# How to handle Nan-values so that the HA doesn't get marginalized?

It has been a problem this far, that the clustering doesn't work as desired, and the problem is now located in the procedure Nan-values have been handled in clustering. So we need a better way to do that.

In [50]:
 %matplotlib inline
import seaborn
import pandas as pd
import numpy as np
import matplotlib.pyplot as plt
import os
from gradutil import *
from pyomo.opt import SolverFactory

In [51]:
seedn = 2
opt = SolverFactory('glpk')
solutions = real_solutions()
revenue, carbon, deadwood, ha = init_boreal()
x = np.concatenate((revenue, carbon, deadwood, ha), axis=1)
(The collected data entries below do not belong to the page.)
lemma
  fixes g :: "real \<Rightarrow> 'a::real_normed_vector"
  assumes "\<exists>C. AE t in M01. norm (g t) \<le> C"
  shows Linf_norm_nonneg: "0 \<le> Linf_norm g"
    and AE_norm_le_Linf_norm: "AE t in M01. norm (g t) \<le> Linf_norm g"
proof -
  define S where "S = {C. 0 \<le> C \<and> (AE t in M01. norm (g t) \<le> C)}"
  obtain C where "AE t in M01. norm (g t) \<le> C" using assms by blast
  then have "max C 0 \<in> S" unfolding S_def by (auto elim: eventually_mono)
  then have S: "S \<noteq> {}" by blast
  have Linf: "Linf_norm g = Inf S" unfolding Linf_norm_def S_def ..
  show "0 \<le> Linf_norm g" unfolding Linf using S by (rule cInf_greatest) (auto simp: S_def)
  have "AE t in M01. norm (g t) \<le> Inf S + 1 / Suc n" for n :: nat
  proof -
    obtain C where "C \<in> S" "C < Inf S + 1 / Suc n"
      using cInf_lessD[OF S, of "Inf S + 1 / Suc n"] by auto
    then show ?thesis unfolding S_def by (auto elim: eventually_mono)
  qed
  then have "AE t in M01. \<forall>n::nat. norm (g t) \<le> Inf S + 1 / Suc n"
    by (simp add: AE_all_countable)
  then show "AE t in M01. norm (g t) \<le> Linf_norm g"
  proof (rule eventually_mono)
    fix t assume bound: "\<forall>n::nat. norm (g t) \<le> Inf S + 1 / Suc n"
    show "norm (g t) \<le> Linf_norm g"
    proof (rule ccontr)
      assume "\<not> ?thesis"
      then obtain n where "1 / real (Suc n) < norm (g t) - Inf S"
        unfolding Linf using reals_Archimedean[of "norm (g t) - Inf S"]
        by (auto simp: inverse_eq_divide)
      with bound show False by (metis add.commute less_diff_eq not_less)
    qed
  qed
qed

lemma (in finite_measure) square_integral_le:
  fixes f :: "'a \<Rightarrow> real"
  assumes [measurable]: "f \<in> borel_measurable M" and sq: "integrable M (\<lambda>x. (f x)\<^sup>2)"
  shows "(integral\<^sup>L M f)\<^sup>2 \<le> measure M (space M) * integral\<^sup>L M (\<lambda>x. (f x)\<^sup>2)"
proof (cases "measure M (space M) = 0")
  case True
  then have "AE x in M. f x = 0"
    by (intro AE_I[where N="space M"]) (auto simp: emeasure_eq_measure)
  then show ?thesis by (simp add: integral_eq_zero_AE)
next
  case False
  define \<mu> where "\<mu> = measure M (space M)"
  define I where "I = integral\<^sup>L M f"
  define J where "J = integral\<^sup>L M (\<lambda>x. (f x)\<^sup>2)"
  have f: "integrable M f" by (rule square_integrable_imp_integrable[OF _ sq]) simp
  have \<mu>: "0 < \<mu>" using False unfolding \<mu>_def by (simp add: less_le)
  have "0 \<le> integral\<^sup>L M (\<lambda>x. (f x - I / \<mu>)\<^sup>2)"
    by (rule integral_nonneg_AE) simp
  also have "\<dots> = J - 2 * (I / \<mu>) * I + (I / \<mu>)\<^sup>2 * \<mu>"
    using f sq unfolding I_def J_def \<mu>_def power2_diff by simp
  also have "\<dots> = J - I\<^sup>2 / \<mu>"
    using \<mu> by (simp add: field_simps power2_eq_square)
  finally show ?thesis using \<mu> unfolding I_def J_def \<mu>_def by (simp add: field_simps)
qed

lemma square_integral_M01_le:
  fixes f :: "real \<Rightarrow> real"
  assumes "f \<in> borel_measurable M01" "integrable M01 (\<lambda>t. (f t)\<^sup>2)"
  shows "(integral\<^sup>L M01 f)\<^sup>2 \<le> integral\<^sup>L M01 (\<lambda>t. (f t)\<^sup>2)"
  using M01.square_integral_le[OF assms] by simp

lemma lebesgue_on_initial_segment:
  "t \<le> 1 \<Longrightarrow> lebesgue_on {0..t} = restrict_space M01 {0..t}"
  by (simp add: restrict_restrict_space Int_absorb1)

lemma initial_segment_sets_M01: "{0..t} \<inter> space M01 \<in> sets M01"
  by (auto simp: sets_restrict_space)

lemma initial_segment_in_sets_M01: "t \<le> 1 \<Longrightarrow> {0..t} \<in> sets M01"
  using initial_segment_sets_M01[of t] by (simp add: Int_absorb2)

lemma integral_initial_segment:
  fixes f :: "real \<Rightarrow> 'a::{banach, second_countable_topology}"
  assumes "t \<le> 1"
  shows "integral\<^sup>L (lebesgue_on {0..t}) f = integral\<^sup>L M01 (\<lambda>s. indicator {0..t} s *\<^sub>R f s)"
  unfolding lebesgue_on_initial_segment[OF assms]
  by (rule integral_restrict_space[OF initial_segment_sets_M01])

lemma integrable_initial_segment:
  fixes f :: "real \<Rightarrow> 'a::{banach, second_countable_topology}"
  assumes "t \<le> 1" "integrable M01 f"
  shows "integrable (lebesgue_on {0..t}) f"
  unfolding lebesgue_on_initial_segment[OF assms(1)]
    integrable_restrict_space[OF initial_segment_sets_M01]
  using initial_segment_in_sets_M01[OF assms(1)] assms(2) by (rule integrable_mult_indicator)

lemma measurable_initial_segment:
  "t \<le> 1 \<Longrightarrow> f \<in> borel_measurable M01 \<Longrightarrow> f \<in> borel_measurable (lebesgue_on {0..t})"
  unfolding lebesgue_on_initial_segment by (rule measurable_restrict_space1)

lemma integral_initial_segment_le:
  fixes f :: "real \<Rightarrow> real"
  assumes "integrable M01 f" "\<And>s. 0 \<le> f s" "t \<le> 1"
  shows "integral\<^sup>L (lebesgue_on {0..t}) f \<le> integral\<^sup>L M01 f"
proof -
  have "integrable M01 (\<lambda>s. indicator {0..t} s *\<^sub>R f s)"
    using initial_segment_in_sets_M01 assms by (intro integrable_mult_indicator)
  then show ?thesis
    unfolding integral_initial_segment[OF \<open>t \<le> 1\<close>]
    using assms by (intro integral_mono) (auto simp: indicator_def)
qed

lemma W1inf_bounded:
  assumes "W1inf xi xi'"
  shows "\<exists>C. \<forall>t\<in>{0..1}. norm (xi t) \<le> C"
proof (intro exI ballI)
  fix t :: real assume t: "t \<in> {0..1}"
  have xi': "integrable M01 xi'" using assms unfolding W1inf_def by blast
  have "norm (xi t) \<le> norm (xi 0) + norm (integral\<^sup>L (lebesgue_on {0..t}) xi')"
    using assms t unfolding W1inf_def by (metis norm_triangle_ineq)
  also have "norm (integral\<^sup>L (lebesgue_on {0..t}) xi') \<le> integral\<^sup>L (lebesgue_on {0..t}) (\<lambda>s. norm (xi' s))"
    by (rule integral_norm_bound)
  also have "\<dots> \<le> integral\<^sup>L M01 (\<lambda>s. norm (xi' s))"
    using xi' t by (intro integral_initial_segment_le) auto
  finally show "norm (xi t) \<le> norm (xi 0) + integral\<^sup>L M01 (\<lambda>s. norm (xi' s))"
    by simp
qed

section \<open>Primitives of bounded functions\<close>

lemma L2_norm_nonneg: "0 \<le> L2_norm g"
  unfolding L2_norm_def by simp

lemma L2_norm_scaleR_unit: "norm u = 1 \<Longrightarrow> L2_norm (\<lambda>s. phi s *\<^sub>R u) = L2_norm phi"
  unfolding L2_norm_def by simp

lemma integral_lebesgue_on_singleton: "integral\<^sup>L (lebesgue_on {a::real}) f = 0"
proof -
  have "ae_filter (lebesgue_on {a}) = bot"
    by (simp add: ae_filter_eq_bot_iff emeasure_restrict_space)
  then have "AE s in lebesgue_on {a}. f s = 0" by (metis eventually_bot)
  then show ?thesis by (rule integral_eq_zero_AE)
qed

lemma in_dX_primitive:
  fixes phi :: "real \<Rightarrow> real"
  assumes [measurable]: "phi \<in> borel_measurable M01"
    and bounded: "\<And>t. \<bar>phi t\<bar> \<le> K" and mean_zero: "integral\<^sup>L M01 phi = 0"
  shows "in_dX (\<lambda>t. integral\<^sup>L (lebesgue_on {0..t}) (\<lambda>s. phi s *\<^sub>R u)) (\<lambda>s. phi s *\<^sub>R u)"
proof -
  have "integrable M01 phi"
    using bounded by (intro M01.integrable_const_bound[of _ K]) auto
  then show ?thesis
    using bounded mean_zero unfolding in_dX_def W1inf_def
    by (auto simp: integral_lebesgue_on_singleton intro!: exI[of _ "K * norm u"] mult_right_mono)
qed

lemma square_integral_initial_segment_le:
  fixes phi :: "real \<Rightarrow> real"
  assumes phi: "phi \<in> borel_measurable M01" and sq: "integrable M01 (\<lambda>s. (phi s)\<^sup>2)"
    and t: "t \<in> {0..1}"
  shows "(integral\<^sup>L (lebesgue_on {0..t}) phi)\<^sup>2 \<le> t * integral\<^sup>L M01 (\<lambda>s. (phi s)\<^sup>2)"
proof -
  have "(integral\<^sup>L (lebesgue_on {0..t}) phi)\<^sup>2
      \<le> measure (lebesgue_on {0..t}) {0..t} * integral\<^sup>L (lebesgue_on {0..t}) (\<lambda>s. (phi s)\<^sup>2)"
    using finite_measure.square_integral_le[OF finite_measure_lebesgue_on] t
      measurable_initial_segment[OF _ phi] integrable_initial_segment[OF _ sq]
    by auto
  also have "\<dots> \<le> t * integral\<^sup>L M01 (\<lambda>s. (phi s)\<^sup>2)"
    using t sq by (auto simp: measure_restrict_space intro!: mult_left_mono integral_initial_segment_le)
  finally show ?thesis .
qed

lemma L2_norm_primitive_le:
  fixes phi :: "real \<Rightarrow> real"
  assumes phi: "phi \<in> borel_measurable M01" and sq: "integrable M01 (\<lambda>s. (phi s)\<^sup>2)"
    and u: "norm u = 1"
  shows "L2_norm (\<lambda>t. integral\<^sup>L (lebesgue_on {0..t}) (\<lambda>s. phi s *\<^sub>R u)) \<le> L2_norm phi / sqrt 2"
proof -
  define q where "q = integral\<^sup>L M01 (\<lambda>s. (phi s)\<^sup>2)"
  have "0 \<le> q" unfolding q_def by simp
  have "integrable M01 phi"
    by (rule M01.square_integrable_imp_integrable[OF phi sq])
  then have "(norm (integral\<^sup>L (lebesgue_on {0..t}) (\<lambda>s. phi s *\<^sub>R u)))\<^sup>2 \<le> t * q"
    if t: "t \<in> {0..1}" for t
  proof -
    have "integrable (lebesgue_on {0..t}) phi"
      using t \<open>integrable M01 phi\<close> by (auto intro: integrable_initial_segment)
    then show ?thesis
      using square_integral_initial_segment_le[OF phi sq t] u unfolding q_def by simp
  qed
  then have "integral\<^sup>L M01 (\<lambda>t. (norm (integral\<^sup>L (lebesgue_on {0..t}) (\<lambda>s. phi s *\<^sub>R u)))\<^sup>2)
      \<le> integral\<^sup>L M01 (\<lambda>t. t * q)"
    using \<open>0 \<le> q\<close> integrable_M01_id by (intro integral_mono_AE' AE_I2) auto
  also have "\<dots> = q / 2"
    using integral_M01_id by simp
  finally have "L2_norm (\<lambda>t. integral\<^sup>L (lebesgue_on {0..t}) (\<lambda>s. phi s *\<^sub>R u)) \<le> sqrt (q / 2)"
    unfolding L2_norm_def by (rule real_sqrt_le_mono)
  then show ?thesis
    unfolding q_def L2_norm_def by (simp add: real_sqrt_divide)
qed

definition clip :: "nat \<Rightarrow> real \<Rightarrow> real" where
  "clip n x = max (- real n) (min (real n) x)"

lemma abs_clip_le: "\<bar>clip n x\<bar> \<le> \<bar>x\<bar>"
  and abs_clip_le_bound: "\<bar>clip n x\<bar> \<le> real n"
  unfolding clip_def by auto

lemma clip_tendsto: "(\<lambda>n. clip n x) \<longlonglongrightarrow> x"
proof (rule tendsto_eventually)
  obtain n0 :: nat where "\<bar>x\<bar> \<le> real n0" using real_arch_simple by blast
  then show "\<forall>\<^sub>F n in sequentially. clip n x = x"
    unfolding eventually_sequentially clip_def by (intro exI[of _ n0]) auto
qed

lemma borel_measurable_clip [measurable]:
  "f \<in> borel_measurable M \<Longrightarrow> (\<lambda>x. clip n (f x)) \<in> borel_measurable M"
  unfolding clip_def by (intro borel_measurable_max borel_measurable_min) auto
## Set nan:s to smallest existing option

Let's first just try setting all nan:s to the smallest value in the corresponding column

In [52]:
norm_data = x.copy()
inds = np.where(np.isnan(norm_data))
norm_data[inds] = np.take(np.nanmin(norm_data, axis=0),inds[1])
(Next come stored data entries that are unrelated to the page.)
text \<open>The induced subgraph G[S] is a forest: it has no cycle. (Cycles of G[S] are
  exactly cycles of G all of whose vertices lie in S.)\<close>
definition induced_forest :: "'a set \<Rightarrow> ('a \<Rightarrow> 'a \<Rightarrow> bool) \<Rightarrow> 'a set \<Rightarrow> bool" where
  "induced_forest V E S \<longleftrightarrow> S \<subseteq> V \<and> \<not> (\<exists>cs. is_cycle S E cs)"

end

theory Submission
  imports Defs
begin

text \<open>
  Let \<open>a \<le> b\<close> be the sizes of \<open>S \<inter> V\<^sub>1\<close> and \<open>S \<inter> V\<^sub>2\<close>, so \<open>a + b = n + 1\<close>.
  A vertex of \<open>S \<inter> V\<^sub>1\<close> has at most \<open>n - b\<close> neighbours in \<open>V\<^sub>2 - S\<close>, hence at least
  \<open>\<delta> + b - n \<ge> n/2 + 2 - a\<close> neighbours inside \<open>S\<close>. Every edge of the forest \<open>\<B>[S]\<close>
  has exactly one end in \<open>V\<^sub>1\<close> and there are at most \<open>n\<close> of them, so
  \<open>a (n/2 + 2 - a) \<le> n\<close>, i.e. \<open>(a - 2)(n - 2a) \<le> 0\<close>. Together with \<open>2a \<le> n + 1\<close>
  this leaves \<open>a \<le> 2\<close>, \<open>2a = n\<close>, or \<open>2a = n + 1\<close>. In the last case \<open>2\<delta> \<ge> n + 2\<close>
  forces \<open>\<delta> + b - n \<ge> 2\<close>, so \<open>2a \<le> n\<close>, a contradiction.
\<close>

definition adj_pairs :: "'a set \<Rightarrow> ('a \<Rightarrow> 'a \<Rightarrow> bool) \<Rightarrow> ('a \<times> 'a) set" where
  "adj_pairs T E = {(x, y). x \<in> T \<and> y \<in> T \<and> E x y}"

definition is_path :: "'a set \<Rightarrow> ('a \<Rightarrow> 'a \<Rightarrow> bool) \<Rightarrow> 'a list \<Rightarrow> bool" where
  "is_path T E p \<longleftrightarrow> p \<noteq> [] \<and> distinct p \<and> set p \<subseteq> T \<and>
     (\<forall>i < length p - 1. E (p ! i) (p ! Suc i))"

lemma finite_adj_pairs: "finite T \<Longrightarrow> finite (adj_pairs T E)"
  unfolding adj_pairs_def by (rule finite_subset[of _ "T \<times> T"]) auto

lemma is_cycle_mono: "is_cycle T' E cs \<Longrightarrow> T' \<subseteq> T \<Longrightarrow> is_cycle T E cs"
  unfolding is_cycle_def by blast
Then normalize all as before

In [53]:
min_norm_x = normalize(norm_data)

In [73]:
%pylab inline
pylab.rcParams['figure.figsize'] = (15,12)
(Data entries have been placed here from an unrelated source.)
lemma DERIV_r:
  assumes "0 < t" "0 < r t"
  shows "(r has_real_derivative - V * P t / r t) (at t)"
proof -
  have r_eq: "r = (\<lambda>s. sqrt ((x s - xT)\<^sup>2 + (y s - yT)\<^sup>2))"
    unfolding r_def[abs_def] uav_range_def ..
  have pos: "0 < (x t - xT)\<^sup>2 + (y t - yT)\<^sup>2"
    using assms(2) unfolding r_eq by simp
  have "((\<lambda>s. (x s - xT)\<^sup>2 + (y s - yT)\<^sup>2) has_real_derivative
      2 * (x t - xT) * (V * cos (psi t)) + 2 * (y t - yT) * (V * sin (psi t))) (at t)"
    by (auto intro!: derivative_eq_intros DERIV_x[OF assms(1)] DERIV_y[OF assms(1)]
        simp: algebra_simps)
  moreover have "2 * (x t - xT) * (V * cos (psi t)) + 2 * (y t - yT) * (V * sin (psi t))
      = - 2 * V * P t"
    by (simp add: P_def algebra_simps)
  ultimately have "((\<lambda>s. (x s - xT)\<^sup>2 + (y s - yT)\<^sup>2) has_real_derivative - 2 * V * P t) (at t)"
    by simp
  from DERIV_chain2[OF DERIV_real_sqrt[OF pos] this]
  have "(r has_real_derivative inverse (r t) / 2 * (- 2 * V * P t)) (at t)"
    unfolding r_eq by simp
  then show ?thesis
    by (simp add: field_simps)
qed

lemma rdot_eq:
  assumes "0 < t" "0 < r t"
  shows "rdot t = - V * P t / r t"
proof -
  have "(r has_real_derivative rdot t) (at t within {0..})"
    using rdot assms unfolding r_def[abs_def] by (simp add: r_def)
  then have "(r has_real_derivative rdot t) (at t)"
    using at_within_nonneg[OF assms(1)] by simp
  then show ?thesis
    using DERIV_r[OF assms] by (rule DERIV_unique)
qed

lemma cos_pi_minus_arcsin:
  assumes "ra \<le> r t"
  shows "cos (pi - arcsin (ra / r t)) = - W t / r t"
proof -
  have rt: "0 < r t" using assms ra_pos by simp
  have "0 \<le> ra / r t" "ra / r t \<le> 1"
    using assms ra_pos rt by simp_all
  then have "cos (pi - arcsin (ra / r t)) = - sqrt (1 - (ra / r t)\<^sup>2)"
    using cos_arcsin[of "ra / r t"] by simp
  also have "1 - (ra / r t)\<^sup>2 = ((r t)\<^sup>2 - ra\<^sup>2) / (r t)\<^sup>2"
    using rt by (simp add: field_simps)
  finally show ?thesis
    unfolding W_def using rt by (simp add: real_sqrt_divide)
qed

lemma control_eq_omega: "0 < t \<Longrightarrow> control V k rd (r t) (rdot t) = omega t"
  using rdot_eq cos_pi_minus_arcsin ra_pos
  unfolding control_def omega_def ra_def[symmetric] Let_def
  by (auto simp: field_simps)

lemma DERIV_psi: "0 < t \<Longrightarrow> (psi has_real_derivative omega t) (at t)"
  using psi_deriv at_within_nonneg control_eq_omega unfolding r_def[abs_def]
  by (metis less_imp_le)

lemma DERIV_P: "0 < t \<Longrightarrow> (P has_real_derivative - V - omega t * Q t) (at t)"
  unfolding P_def[abs_def]
  by (auto intro!: derivative_eq_intros DERIV_x DERIV_y DERIV_psi simp: Q_def algebra_simps)
    (simp only: distrib_left[symmetric] sin_cos_squared_add3 mult_1_right)

lemma DERIV_Q: "0 < t \<Longrightarrow> (Q has_real_derivative omega t * P t) (at t)"
  unfolding Q_def[abs_def]
  by (auto intro!: derivative_eq_intros DERIV_x DERIV_y DERIV_psi simp: P_def algebra_simps)

lemma DERIV_W:
  assumes "0 < t" "ra < r t"
  shows "(W has_real_derivative - V * P t / W t) (at t)"
proof -
  have rt: "0 < r t" using assms ra_pos by simp
  have pos: "0 < (r t)\<^sup>2 - ra\<^sup>2"
    using W_pos[OF assms(2)] unfolding W_def by simp
  have "((\<lambda>s. (r s)\<^sup>2 - ra\<^sup>2) has_real_derivative - 2 * V * P t) (at t)"
    using rt by (auto intro!: derivative_eq_intros DERIV_r[OF assms(1) rt])
  from DERIV_chain2[OF DERIV_real_sqrt[OF pos] this]
  have "(W has_real_derivative inverse (W t) / 2 * (- 2 * V * P t)) (at t)"
    unfolding W_def[abs_def] by (simp add: W_def)
  then show ?thesis
    by (simp add: field_simps)
qed

lemma isCont_r: "0 < t \<Longrightarrow> isCont r t"
  unfolding r_def[abs_def] uav_range_def
  by (intro continuous_intros DERIV_isCont[OF DERIV_x] DERIV_isCont[OF DERIV_y])

lemma isCont_P: "0 < t \<Longrightarrow> isCont P t"
  using DERIV_P DERIV_isCont by blast

lemma isCont_Q: "0 < t \<Longrightarrow> isCont Q t"
  using DERIV_Q DERIV_isCont by blast

lemma isCont_W: "0 < t \<Longrightarrow> isCont W t"
  unfolding W_def[abs_def] by (intro continuous_intros isCont_r)

lemma abs_omega_le: "\<bar>omega t\<bar> \<le> 2 * k * V"
proof (cases "ra \<le> r t")
  case True
  have rt: "0 < r t" using True ra_pos by simp
  have "\<bar>P t - W t\<bar> \<le> 2 * r t"
    using abs_P_le[of t] W_nonneg[OF True] W_le[of t] by linarith
  then have "\<bar>P t - W t\<bar> / r t \<le> 2"
    using rt by (simp add: divide_le_eq)
  then show ?thesis
    using True rt k_pos V_pos mult_left_mono[of "\<bar>P t - W t\<bar> / r t" 2 "k * V"]
    by (simp add: omega_def abs_mult abs_divide)
next
  case False
  then show ?thesis using k_pos V_pos by (simp add: omega_def)
qed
def hist_plot_norm(data, ax, limits):
    ax[0,0].hist(data[:, :7])
    ax[0,0].axis(limits)
    ax[0,0].set_title('Timber Harvest Revenues')

    ax[0,1].hist(data[:, 7:14])
    ax[0,1].axis(limits)
    ax[0,1].set_title('Carbon storage')

    ax[1,0].hist(data[:, 14:21])
    ax[1,0].axis(limits)
    ax[1,0].set_title('Deadwood')

    ax[1,1].hist(data[:, 21:])
    ax[1,1].axis(limits)
    ax[1,1].set_title('Habitat availability')
    return ax


In [81]:
data = min_norm_x
fig, ax = plt.subplots(2,2)
limits = [.0, 1., 0, 30000]
hist_plot_norm(data, ax, limits)
plt.show()

In [56]:
%%time
nclust = 50
optim_revenue50, optim_carbon50, optim_deadwood50, optim_ha50 = cNopt(x, min_norm_x, min_norm_x, opt, nclust, seedn)

In [57]:
print('Relative differences to original values, 50 clusters')
print("(i) Harvest revenues difference {:.3f}".format((optim_revenue50-solutions['revenue'])/solutions['revenue']))
print("(ii) Carbon storage {:.3f}".format((optim_carbon50-solutions['carbon'])/solutions['carbon']))
print("(iii) Deadwood index {:.3f}".format((optim_deadwood50-solutions['deadwood'])/solutions['deadwood']))
print("(iv) Combined Habitat {:.3f}".format((optim_ha50-solutions['ha'])/solutions['ha']))

So it looks like this setting is not enough to drive optimization away from these points, and it doesn't tell anything about clustering. We need to adjust values for the optimization part, so we can know how the clustering goes

In [58]:
no_nan_x = x.copy()
inds = np.where(np.isnan(no_nan_x))
no_nan_x[inds] = np.take(np.nanmin(no_nan_x, axis=0) - np.nanmax(no_nan_x, axis=0), inds[1])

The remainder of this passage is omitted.